## YOUR TASK
Filter these entries so that only lines with the word "UnionI" remain.
===== DATASET RECORDS =====
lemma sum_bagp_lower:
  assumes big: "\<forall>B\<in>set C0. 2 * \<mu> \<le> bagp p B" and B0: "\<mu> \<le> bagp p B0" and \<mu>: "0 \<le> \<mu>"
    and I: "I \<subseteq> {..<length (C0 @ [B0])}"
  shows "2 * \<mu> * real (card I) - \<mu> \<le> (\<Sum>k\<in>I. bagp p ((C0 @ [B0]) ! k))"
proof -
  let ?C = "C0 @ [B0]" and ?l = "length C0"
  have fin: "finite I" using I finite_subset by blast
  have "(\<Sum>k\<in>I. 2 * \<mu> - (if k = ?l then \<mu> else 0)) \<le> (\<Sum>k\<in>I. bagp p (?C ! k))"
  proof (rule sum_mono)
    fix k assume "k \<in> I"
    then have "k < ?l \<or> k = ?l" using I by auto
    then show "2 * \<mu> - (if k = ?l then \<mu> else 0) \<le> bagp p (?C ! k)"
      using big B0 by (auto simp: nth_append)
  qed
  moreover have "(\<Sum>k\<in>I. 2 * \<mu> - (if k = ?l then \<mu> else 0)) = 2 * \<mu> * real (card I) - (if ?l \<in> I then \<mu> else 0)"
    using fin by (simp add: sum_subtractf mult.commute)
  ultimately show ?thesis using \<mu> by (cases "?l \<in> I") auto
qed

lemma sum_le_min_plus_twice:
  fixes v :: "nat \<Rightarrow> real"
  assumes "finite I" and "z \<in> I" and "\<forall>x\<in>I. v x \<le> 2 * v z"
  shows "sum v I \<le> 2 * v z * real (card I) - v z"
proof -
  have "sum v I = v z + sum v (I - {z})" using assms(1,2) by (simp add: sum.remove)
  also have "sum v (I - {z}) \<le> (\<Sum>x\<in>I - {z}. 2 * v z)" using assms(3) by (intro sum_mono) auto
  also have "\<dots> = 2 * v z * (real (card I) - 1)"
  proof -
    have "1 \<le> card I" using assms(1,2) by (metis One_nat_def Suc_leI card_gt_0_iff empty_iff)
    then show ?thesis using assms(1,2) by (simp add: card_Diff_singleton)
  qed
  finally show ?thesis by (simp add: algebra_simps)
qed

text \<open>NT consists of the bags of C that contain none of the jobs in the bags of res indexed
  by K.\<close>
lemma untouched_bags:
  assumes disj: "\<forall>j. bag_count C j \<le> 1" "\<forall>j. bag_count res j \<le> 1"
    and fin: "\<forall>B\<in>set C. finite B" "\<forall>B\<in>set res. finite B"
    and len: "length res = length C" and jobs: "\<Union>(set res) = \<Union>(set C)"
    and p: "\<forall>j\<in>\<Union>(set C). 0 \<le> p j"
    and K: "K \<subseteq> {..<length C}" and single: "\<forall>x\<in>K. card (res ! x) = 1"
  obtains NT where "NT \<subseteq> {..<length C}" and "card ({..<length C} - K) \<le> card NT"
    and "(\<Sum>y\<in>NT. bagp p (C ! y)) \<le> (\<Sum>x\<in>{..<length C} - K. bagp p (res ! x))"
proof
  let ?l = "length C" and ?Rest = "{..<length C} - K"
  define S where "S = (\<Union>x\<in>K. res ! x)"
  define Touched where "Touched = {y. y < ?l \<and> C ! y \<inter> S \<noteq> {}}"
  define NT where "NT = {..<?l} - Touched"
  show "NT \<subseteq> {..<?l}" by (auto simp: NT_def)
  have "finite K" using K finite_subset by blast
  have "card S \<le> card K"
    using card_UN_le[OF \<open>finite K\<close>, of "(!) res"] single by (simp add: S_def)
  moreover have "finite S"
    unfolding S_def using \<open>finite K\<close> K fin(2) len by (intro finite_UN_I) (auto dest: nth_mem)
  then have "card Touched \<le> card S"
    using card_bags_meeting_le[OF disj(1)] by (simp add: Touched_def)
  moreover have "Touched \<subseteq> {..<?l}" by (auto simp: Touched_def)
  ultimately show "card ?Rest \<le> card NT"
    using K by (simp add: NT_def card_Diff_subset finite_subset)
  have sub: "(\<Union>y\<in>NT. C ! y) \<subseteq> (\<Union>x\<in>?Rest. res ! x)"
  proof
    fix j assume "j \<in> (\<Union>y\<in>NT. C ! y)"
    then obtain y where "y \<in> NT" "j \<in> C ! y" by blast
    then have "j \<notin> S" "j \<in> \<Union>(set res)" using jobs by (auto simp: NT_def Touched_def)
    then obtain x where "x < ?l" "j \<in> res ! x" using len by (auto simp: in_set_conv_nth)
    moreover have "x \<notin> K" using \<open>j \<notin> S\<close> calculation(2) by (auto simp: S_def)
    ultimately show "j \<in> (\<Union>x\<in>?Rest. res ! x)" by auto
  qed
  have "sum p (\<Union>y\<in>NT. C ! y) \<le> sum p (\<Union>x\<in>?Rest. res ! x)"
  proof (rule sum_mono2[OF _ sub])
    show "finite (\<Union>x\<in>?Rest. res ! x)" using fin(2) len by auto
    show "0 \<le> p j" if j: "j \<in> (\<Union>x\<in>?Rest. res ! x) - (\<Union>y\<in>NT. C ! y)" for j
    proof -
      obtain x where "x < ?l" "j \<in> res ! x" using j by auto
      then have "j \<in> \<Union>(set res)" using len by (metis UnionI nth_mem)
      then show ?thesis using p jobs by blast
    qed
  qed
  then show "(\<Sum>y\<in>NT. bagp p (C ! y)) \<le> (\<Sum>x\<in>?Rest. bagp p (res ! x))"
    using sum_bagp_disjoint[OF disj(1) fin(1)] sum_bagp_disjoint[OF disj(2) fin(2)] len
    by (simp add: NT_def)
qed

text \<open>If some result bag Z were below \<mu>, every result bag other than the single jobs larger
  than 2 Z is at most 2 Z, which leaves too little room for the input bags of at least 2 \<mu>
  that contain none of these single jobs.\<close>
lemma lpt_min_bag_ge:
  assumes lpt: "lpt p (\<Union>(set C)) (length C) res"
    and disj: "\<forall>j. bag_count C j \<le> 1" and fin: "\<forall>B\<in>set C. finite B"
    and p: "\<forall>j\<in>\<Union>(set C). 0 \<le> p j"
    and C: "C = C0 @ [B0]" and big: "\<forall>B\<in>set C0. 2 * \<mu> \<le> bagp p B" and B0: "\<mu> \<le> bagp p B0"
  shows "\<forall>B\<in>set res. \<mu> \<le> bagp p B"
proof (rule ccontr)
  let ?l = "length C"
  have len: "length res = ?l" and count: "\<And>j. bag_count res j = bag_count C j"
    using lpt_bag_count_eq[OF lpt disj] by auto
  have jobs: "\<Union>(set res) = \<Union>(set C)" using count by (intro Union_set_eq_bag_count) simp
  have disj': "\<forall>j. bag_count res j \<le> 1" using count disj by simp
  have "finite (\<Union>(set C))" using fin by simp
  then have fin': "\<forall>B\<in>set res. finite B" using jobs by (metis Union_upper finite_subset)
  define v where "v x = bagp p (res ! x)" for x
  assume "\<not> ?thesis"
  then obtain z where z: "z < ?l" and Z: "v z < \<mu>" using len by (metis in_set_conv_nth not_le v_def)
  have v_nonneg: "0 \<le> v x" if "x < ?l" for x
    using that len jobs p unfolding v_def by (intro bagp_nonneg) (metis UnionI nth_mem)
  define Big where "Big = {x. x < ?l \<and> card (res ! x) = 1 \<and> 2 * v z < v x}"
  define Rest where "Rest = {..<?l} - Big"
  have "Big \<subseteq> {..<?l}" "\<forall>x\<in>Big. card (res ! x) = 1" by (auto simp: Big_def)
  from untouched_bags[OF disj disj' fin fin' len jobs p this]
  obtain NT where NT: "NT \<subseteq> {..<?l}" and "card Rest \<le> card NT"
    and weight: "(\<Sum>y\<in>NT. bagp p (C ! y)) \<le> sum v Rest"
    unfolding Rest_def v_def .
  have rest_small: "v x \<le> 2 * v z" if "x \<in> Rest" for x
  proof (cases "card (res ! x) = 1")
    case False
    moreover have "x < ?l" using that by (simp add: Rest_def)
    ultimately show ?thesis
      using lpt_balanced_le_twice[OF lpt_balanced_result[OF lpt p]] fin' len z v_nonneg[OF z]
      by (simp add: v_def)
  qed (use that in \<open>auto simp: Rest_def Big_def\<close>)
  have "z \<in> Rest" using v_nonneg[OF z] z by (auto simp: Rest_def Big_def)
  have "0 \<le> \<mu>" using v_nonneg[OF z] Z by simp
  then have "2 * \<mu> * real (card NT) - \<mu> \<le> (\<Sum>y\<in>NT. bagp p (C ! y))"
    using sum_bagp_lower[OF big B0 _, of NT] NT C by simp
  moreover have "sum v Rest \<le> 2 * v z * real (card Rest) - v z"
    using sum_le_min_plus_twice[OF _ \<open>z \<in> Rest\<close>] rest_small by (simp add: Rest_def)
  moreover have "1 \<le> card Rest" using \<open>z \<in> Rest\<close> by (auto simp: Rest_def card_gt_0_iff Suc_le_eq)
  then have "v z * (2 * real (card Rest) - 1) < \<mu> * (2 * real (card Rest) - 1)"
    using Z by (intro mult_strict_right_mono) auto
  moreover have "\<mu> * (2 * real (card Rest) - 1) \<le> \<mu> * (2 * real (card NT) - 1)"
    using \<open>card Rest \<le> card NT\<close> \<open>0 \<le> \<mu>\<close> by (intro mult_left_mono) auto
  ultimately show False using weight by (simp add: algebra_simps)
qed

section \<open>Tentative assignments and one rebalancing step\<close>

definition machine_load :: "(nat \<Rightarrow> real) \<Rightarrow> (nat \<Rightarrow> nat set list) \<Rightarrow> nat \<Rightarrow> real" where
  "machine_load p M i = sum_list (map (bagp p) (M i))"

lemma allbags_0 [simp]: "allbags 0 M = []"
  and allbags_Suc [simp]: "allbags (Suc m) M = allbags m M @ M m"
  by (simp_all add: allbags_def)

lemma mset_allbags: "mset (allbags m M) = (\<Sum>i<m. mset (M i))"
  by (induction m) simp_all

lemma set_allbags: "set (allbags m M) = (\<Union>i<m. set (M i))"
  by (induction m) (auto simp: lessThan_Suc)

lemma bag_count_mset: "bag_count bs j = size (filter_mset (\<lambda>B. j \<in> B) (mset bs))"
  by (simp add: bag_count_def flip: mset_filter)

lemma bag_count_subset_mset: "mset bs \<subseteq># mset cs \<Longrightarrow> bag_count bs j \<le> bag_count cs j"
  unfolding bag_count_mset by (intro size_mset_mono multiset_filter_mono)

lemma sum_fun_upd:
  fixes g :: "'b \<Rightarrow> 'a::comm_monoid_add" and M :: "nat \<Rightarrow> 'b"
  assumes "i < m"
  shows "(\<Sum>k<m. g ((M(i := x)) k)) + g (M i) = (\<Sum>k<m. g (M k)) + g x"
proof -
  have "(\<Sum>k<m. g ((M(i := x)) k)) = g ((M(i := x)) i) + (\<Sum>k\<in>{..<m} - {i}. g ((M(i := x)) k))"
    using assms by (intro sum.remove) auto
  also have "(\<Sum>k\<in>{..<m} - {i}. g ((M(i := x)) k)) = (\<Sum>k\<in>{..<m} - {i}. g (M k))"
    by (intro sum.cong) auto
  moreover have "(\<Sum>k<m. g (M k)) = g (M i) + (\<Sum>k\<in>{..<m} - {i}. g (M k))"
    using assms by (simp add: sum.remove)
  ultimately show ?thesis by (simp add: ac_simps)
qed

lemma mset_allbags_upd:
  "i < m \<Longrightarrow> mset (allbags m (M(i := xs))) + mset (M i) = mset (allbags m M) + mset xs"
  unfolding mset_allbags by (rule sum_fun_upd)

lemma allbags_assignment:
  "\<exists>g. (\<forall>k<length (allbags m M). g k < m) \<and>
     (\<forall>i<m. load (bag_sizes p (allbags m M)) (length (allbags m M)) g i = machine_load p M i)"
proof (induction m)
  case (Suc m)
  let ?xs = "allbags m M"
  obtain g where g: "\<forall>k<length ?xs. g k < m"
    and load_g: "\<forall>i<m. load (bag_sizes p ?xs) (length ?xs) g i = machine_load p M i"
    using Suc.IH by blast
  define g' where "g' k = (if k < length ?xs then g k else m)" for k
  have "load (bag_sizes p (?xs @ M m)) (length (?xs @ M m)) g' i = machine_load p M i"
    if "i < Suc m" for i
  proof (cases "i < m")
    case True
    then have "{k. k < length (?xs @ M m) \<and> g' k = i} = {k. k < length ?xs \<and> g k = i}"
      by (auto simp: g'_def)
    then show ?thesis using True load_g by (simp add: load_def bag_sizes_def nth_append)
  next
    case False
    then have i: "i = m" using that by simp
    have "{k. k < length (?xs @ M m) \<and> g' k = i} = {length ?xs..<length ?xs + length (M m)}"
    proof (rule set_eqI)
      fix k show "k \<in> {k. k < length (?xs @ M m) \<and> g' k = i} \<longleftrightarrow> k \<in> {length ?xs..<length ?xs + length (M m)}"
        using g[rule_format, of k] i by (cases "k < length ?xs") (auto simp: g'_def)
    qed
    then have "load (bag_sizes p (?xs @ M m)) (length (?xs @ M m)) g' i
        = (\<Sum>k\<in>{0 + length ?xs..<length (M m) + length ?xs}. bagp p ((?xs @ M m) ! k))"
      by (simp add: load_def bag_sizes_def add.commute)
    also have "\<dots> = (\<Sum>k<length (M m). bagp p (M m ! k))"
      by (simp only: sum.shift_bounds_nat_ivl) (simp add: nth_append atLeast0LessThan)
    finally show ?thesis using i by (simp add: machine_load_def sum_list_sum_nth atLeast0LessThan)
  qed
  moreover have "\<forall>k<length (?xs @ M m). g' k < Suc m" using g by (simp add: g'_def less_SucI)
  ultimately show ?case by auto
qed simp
=====
## FINISHED TASK
      then have "j \<in> \<Union>(set res)" using len by (metis UnionI nth_mem)
    using that len jobs p unfolding v_def by (intro bagp_nonneg) (metis UnionI nth_mem)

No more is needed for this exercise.